An evening that Malofeev arranged in the name of choices that the artist had already made: the curtain was raised with an exponential Bach, in the cube, arranged by Vivaldi and transcribed by Feinberg, and lowered to the notes of Tannhaüser’s Overture. Contaminations, passages from hand to hand, music as a torrent impossible to capture, eternally alive, aggregating and each time a bearer of differences and of perspectives. Vivaldi’s Concerto for organ, in this play on refractions, shone sumptuously in the three-dimensional superimposition of sound planes, in the airy, dilated breath of a distant Venice seen in backlight; and likewise, the priestly composure of the Wagnerian chorale (Andante maestoso, literally) advanced, symphonic, flamboyant: enveloped but never obscured by the whirlwind of the orgiastic instrumental explosion impressed by Liszt.
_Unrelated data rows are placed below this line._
(* Unlike Maclaurin_exp_le, which only gives |t| <= |u|, this keeps t between 0 and u. *)
lemma Maclaurin_exp_le_max:
  fixes u :: real
  assumes "0 < n"
  obtains t where "t \<le> max u 0" "exp u = (\<Sum>m<n. u^m / fact m) + exp t / fact n * u^n"
proof -
  consider "u = 0" | "u > 0" | "u < 0" by linarith
  then show ?thesis
  proof cases
    case 1
    with Maclaurin_exp_le[of u n] show ?thesis by (auto intro: that)
  next
    case 2
    from Maclaurin[OF 2 assms, of "\<lambda>n. exp" exp] obtain t
      where "t < u" "exp u = (\<Sum>m<n. exp 0 / fact m * u^m) + exp t / fact n * u^n"
      by (auto intro: DERIV_exp)
    with 2 show ?thesis by (intro that[of t]) simp_all
  next
    case 3
    from Maclaurin_minus[OF 3 assms, of "\<lambda>n. exp" exp] obtain t
      where "t < 0" "exp u = (\<Sum>m<n. exp 0 / fact m * u^m) + exp t / fact n * u^n"
      by (auto intro: DERIV_exp)
    then show ?thesis by (intro that[of t]) simp_all
  qed
qed

lemma linear_minus_quadratic_le:
  fixes lam \<theta> x :: real
  assumes "\<theta> > 0"
  shows "lam*x - \<theta>*x^2 \<le> lam^2/(4*\<theta>)"
proof -
  have "lam^2/(4*\<theta>) - (lam*x - \<theta>*x^2) = (2*\<theta>*x - lam)^2/(4*\<theta>)"
    using assms by (simp add: field_simps power2_eq_square)
  also have "\<dots> \<ge> 0" using assms by simp
  finally show ?thesis by simp
qed

lemma abs_mult_power_le_of_abs_le_1:
  fixes c x :: real
  assumes "\<bar>x\<bar> \<le> 1" "m \<le> n"
  shows "\<bar>c * x^n\<bar> \<le> \<bar>c\<bar> * \<bar>x\<bar>^m"
  using assms by (simp add: abs_mult power_abs mult_left_mono power_decreasing)

lemma abs_mult_power_le_of_abs_ge_1:
  fixes c x :: real
  assumes "1 \<le> \<bar>x\<bar>" "n \<le> m"
  shows "\<bar>c * x^n\<bar> \<le> \<bar>c\<bar> * \<bar>x\<bar>^m"
  using assms by (simp add: abs_mult power_abs mult_left_mono power_increasing)

(* Taylor data at 0 of exp (lam x - theta x^2); "lq" refers to the linear-quadratic exponent. *)
definition exp_lq_taylor3 :: "real \<Rightarrow> real \<Rightarrow> real \<Rightarrow> real" where
  "exp_lq_taylor3 lam \<theta> x = 1 + lam*x + (lam^2/2 - \<theta>)*x^2 + (lam^3/6 - lam*\<theta>)*x^3"

definition exp_lq_coeff4 :: "real \<Rightarrow> real \<Rightarrow> real" where
  "exp_lq_coeff4 lam \<theta> = \<theta>^2/2 - lam^2*\<theta>/2 + lam^4/24"

(* The terms of degree 5 to 8 are the part of u^3/6 + u^4/24, u = lam x - theta x^2,
   beyond degree 4. *)
lemma exp_lq_Taylor4_remainder:
  fixes lam \<theta> x :: real
  assumes "\<theta> > 0"
  obtains t where "exp t \<le> exp (lam^2/(4*\<theta>))"
    and "exp (lam*x - \<theta>*x^2) - (exp_lq_taylor3 lam \<theta> x + exp_lq_coeff4 lam \<theta> * x^4)
       = (lam*\<theta>^2/2 - lam^3*\<theta>/6) * x^5 + (lam^2*\<theta>^2/4 - \<theta>^3/6) * x^6
         + (- lam*\<theta>^3/6) * x^7 + (\<theta>^4/24) * x^8 + exp t / 120 * (lam*x - \<theta>*x^2)^5"
proof -
  define u where "u = lam*x - \<theta>*x^2"
  obtain t where t: "t \<le> max u 0" and exp_u: "exp u = (\<Sum>m<5. u^m / fact m) + exp t / fact 5 * u^5"
    using Maclaurin_exp_le_max[of 5 u] by auto
  have "0 \<le> lam^2/(4*\<theta>)" using assms by simp
  then have "t \<le> lam^2/(4*\<theta>)"
    using t linear_minus_quadratic_le[OF assms, of lam x] unfolding u_def by linarith
  moreover have "(\<Sum>m<5. u^m / fact m) - (exp_lq_taylor3 lam \<theta> x + exp_lq_coeff4 lam \<theta> * x^4)
      = (lam*\<theta>^2/2 - lam^3*\<theta>/6) * x^5 + (lam^2*\<theta>^2/4 - \<theta>^3/6) * x^6
        + (- lam*\<theta>^3/6) * x^7 + (\<theta>^4/24) * x^8"
    unfolding u_def exp_lq_taylor3_def exp_lq_coeff4_def
    by (simp add: eval_nat_numeral fact_numeral field_simps)
  ultimately show ?thesis
    using exp_u unfolding u_def by (intro that) (simp_all add: fact_numeral, linarith)
qed

lemma abs_exp_lq_sub_taylor4_le:
  fixes lam \<theta> x :: real
  assumes "\<theta> > 0" "lam > 0" "\<bar>x\<bar> \<le> 1"
  shows "\<bar>exp (lam*x - \<theta>*x^2) - (exp_lq_taylor3 lam \<theta> x + exp_lq_coeff4 lam \<theta> * x^4)\<bar>
    \<le> O2 lam \<theta> * \<bar>x\<bar>^5"
proof -
  define E where "E = exp (lam^2/(4*\<theta>))"
  obtain t where "exp t \<le> E" and expansion:
    "exp (lam*x - \<theta>*x^2) - (exp_lq_taylor3 lam \<theta> x + exp_lq_coeff4 lam \<theta> * x^4)
       = (lam*\<theta>^2/2 - lam^3*\<theta>/6) * x^5 + (lam^2*\<theta>^2/4 - \<theta>^3/6) * x^6
         + (- lam*\<theta>^3/6) * x^7 + (\<theta>^4/24) * x^8 + exp t / 120 * (lam*x - \<theta>*x^2)^5"
    using exp_lq_Taylor4_remainder[OF assms(1)] unfolding E_def by blast
  have "\<bar>lam*x - \<theta>*x^2\<bar> \<le> (lam + \<theta>) * \<bar>x\<bar>"
    using abs_mult_power_le_of_abs_le_1[OF assms(3), where m=1 and n=2 and c=\<theta>] assms
    by (simp add: abs_mult algebra_simps order_trans[OF abs_triangle_ineq4])
  then have "\<bar>lam*x - \<theta>*x^2\<bar>^5 \<le> (lam + \<theta>)^5 * \<bar>x\<bar>^5"
    by (metis abs_ge_zero power_mono power_mult_distrib)
  moreover have "exp t / 120 \<le> E" using \<open>exp t \<le> E\<close> exp_gt_zero[of t] by linarith
  ultimately have "exp t / 120 * \<bar>lam*x - \<theta>*x^2\<bar>^5 \<le> E * ((lam + \<theta>)^5 * \<bar>x\<bar>^5)"
    by (intro mult_mono) (auto simp: E_def)
  then have remainder: "\<bar>exp t / 120 * (lam*x - \<theta>*x^2)^5\<bar> \<le> E * ((lam + \<theta>)^5 * \<bar>x\<bar>^5)"
    by (simp add: abs_mult power_abs)
  have power_bound: "\<bar>c * x^n\<bar> \<le> d * \<bar>x\<bar>^5" if "5 \<le> n" "\<bar>c\<bar> \<le> d" for c d n
    using abs_mult_power_le_of_abs_le_1[OF assms(3) that(1), of c] that(2)
    by (meson abs_ge_zero mult_right_mono order_trans zero_le_power)
  have "\<bar>(lam*\<theta>^2/2 - lam^3*\<theta>/6) * x^5\<bar> \<le> (lam*\<theta>^2/2 + lam^3*\<theta>/6) * \<bar>x\<bar>^5"
    "\<bar>(lam^2*\<theta>^2/4 - \<theta>^3/6) * x^6\<bar> \<le> (lam^2*\<theta>^2/4 + \<theta>^3/6) * \<bar>x\<bar>^5"
    "\<bar>(- lam*\<theta>^3/6) * x^7\<bar> \<le> (lam*\<theta>^3/6) * \<bar>x\<bar>^5"
    "\<bar>(\<theta>^4/24) * x^8\<bar> \<le> (\<theta>^4/24) * \<bar>x\<bar>^5"
    by (rule power_bound; use assms(1,2) in \<open>simp add: abs_le_iff\<close>)+
  moreover have "O2 lam \<theta> * \<bar>x\<bar>^5
      = (lam*\<theta>^2/2 + lam^3*\<theta>/6) * \<bar>x\<bar>^5 + (lam^2*\<theta>^2/4 + \<theta>^3/6) * \<bar>x\<bar>^5
        + (lam*\<theta>^3/6) * \<bar>x\<bar>^5 + (\<theta>^4/24) * \<bar>x\<bar>^5 + E * ((lam + \<theta>)^5 * \<bar>x\<bar>^5)"
    unfolding O2_def E_def by (simp add: algebra_simps)
  ultimately show ?thesis
    unfolding expansion using remainder by linarith
qed

lemma abs_exp_lq_sub_taylor3_le:
  fixes lam \<theta> x :: real
  assumes "\<theta> > 0" "lam > 0" "1 \<le> \<bar>x\<bar>"
  shows "\<bar>exp (lam*x - \<theta>*x^2) - exp_lq_taylor3 lam \<theta> x\<bar> \<le> O1 lam \<theta> * \<bar>x\<bar>^3"
proof -
  define E where "E = exp (lam^2/(4*\<theta>))"
  have "exp (lam*x - \<theta>*x^2) \<le> E"
    unfolding E_def using linear_minus_quadratic_le[OF assms(1)] by simp
  moreover have "1 \<le> E" unfolding E_def using assms by simp
  ultimately have "\<bar>exp (lam*x - \<theta>*x^2) - 1\<bar> \<le> E"
    using exp_gt_zero[of "lam*x - \<theta>*x^2"] by linarith
  moreover have "E \<le> E * \<bar>x\<bar>^3"
    using \<open>1 \<le> E\<close> assms(3) by (simp add: one_le_power)
  moreover have "\<bar>lam * x\<bar> \<le> lam * \<bar>x\<bar>^3"
    using abs_mult_power_le_of_abs_ge_1[OF assms(3), where n=1 and m=3 and c=lam] assms(2) by simp
  moreover have "\<bar>(lam^2/2 - \<theta>) * x^2\<bar> \<le> \<bar>lam^2/2 - \<theta>\<bar> * \<bar>x\<bar>^3"
    using abs_mult_power_le_of_abs_ge_1[OF assms(3), where n=2 and m=3] by simp
  moreover have "\<bar>(lam^3/6 - lam*\<theta>) * x^3\<bar> = \<bar>lam^3/6 - lam*\<theta>\<bar> * \<bar>x\<bar>^3"
    by (simp add: abs_mult power_abs)
  moreover have "O1 lam \<theta> * \<bar>x\<bar>^3 = E * \<bar>x\<bar>^3 + lam * \<bar>x\<bar>^3 + \<bar>lam^2/2 - \<theta>\<bar> * \<bar>x\<bar>^3
      + \<bar>lam^3/6 - lam*\<theta>\<bar> * \<bar>x\<bar>^3"
    unfolding O1_def E_def by (simp add: algebra_simps)
  moreover have "\<bar>exp (lam*x - \<theta>*x^2) - exp_lq_taylor3 lam \<theta> x\<bar>
      \<le> \<bar>exp (lam*x - \<theta>*x^2) - 1\<bar> + \<bar>lam * x\<bar> + \<bar>(lam^2/2 - \<theta>) * x^2\<bar>
        + \<bar>(lam^3/6 - lam*\<theta>) * x^3\<bar>"
    unfolding exp_lq_taylor3_def by arith
  ultimately show ?thesis by simp
qed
Between these two extremes (which enchanted the clamour, the onomatopoeia, and the echoes of the third Bachian movement, after the desolate introspection of the central Adagio), even the last possible reservations were dissolved by the poignant Scriabin of two pages for only one left hand, a left hand inhabited by entire worlds. A slightly blurred sound in the pronunciation, not yet fully speaking, with little identity. But at the moment Malofeev seems, more than by the aesthetics of things, literally possessed by the urgency of restoring their meaning, the soul: Chopin’s Sonata op.35, after a pretentious debut, with an (apparently) extravagant agogic that we struggled to fully follow, he fully unveiled the world of this extraordinary talent. Slowly, after an almost Kunderian Scherzo, a slap at the expectations in his lopsided gait, in his sometimes hesitant, irregular step, the huge weight of a Funeral March emerged that we will struggle to forget. Stripped of all heroism, all apology. By subtraction, with a hinting glance but glimpses of the internal voices, it flowers far away among a desert of stones. A dull, discouraged world, without tears as no one witnesses this leaving, followed with a single glance into the tragic, inexorable spectacle of its passage before us, until its dissolution. A crude and offloaded realism, worthy of the Mussorgsky’s Bydlo and, closer to us, of the unspeakable pages that history is writing with blood. At the end of this procession – which already started to meet the Mahlerian one, in the thick of the woods – there is no change of pedal: away, inside the whirlwind of the last movement, the page, if possible, is higher among the evening’s already memorable ones. A frozen, stunned world, on which the sense of the end, of the hopeless emptiness, of the inescapable, hovered. A world to which, in retrospect, Weinberg seemed to look in his fourth Sonata, a dazzling tangle of bitterness, loneliness, and disenchantment punctuated by klezmer echoes and more generally popular, sincere, intimate tributes to a land to which, at the age of 21, Malofeev looks with love and an intimate sense of laceration. At the end of the concert, to thank the applause of a fiery Parvis, there were three encores, to complete the journey in the Russian world: a page of the beloved Medtner, the Toccata op.11 by Prokofiev and, to seal the performance, the Passo a due from Tchaikovsky’s Nutcracker.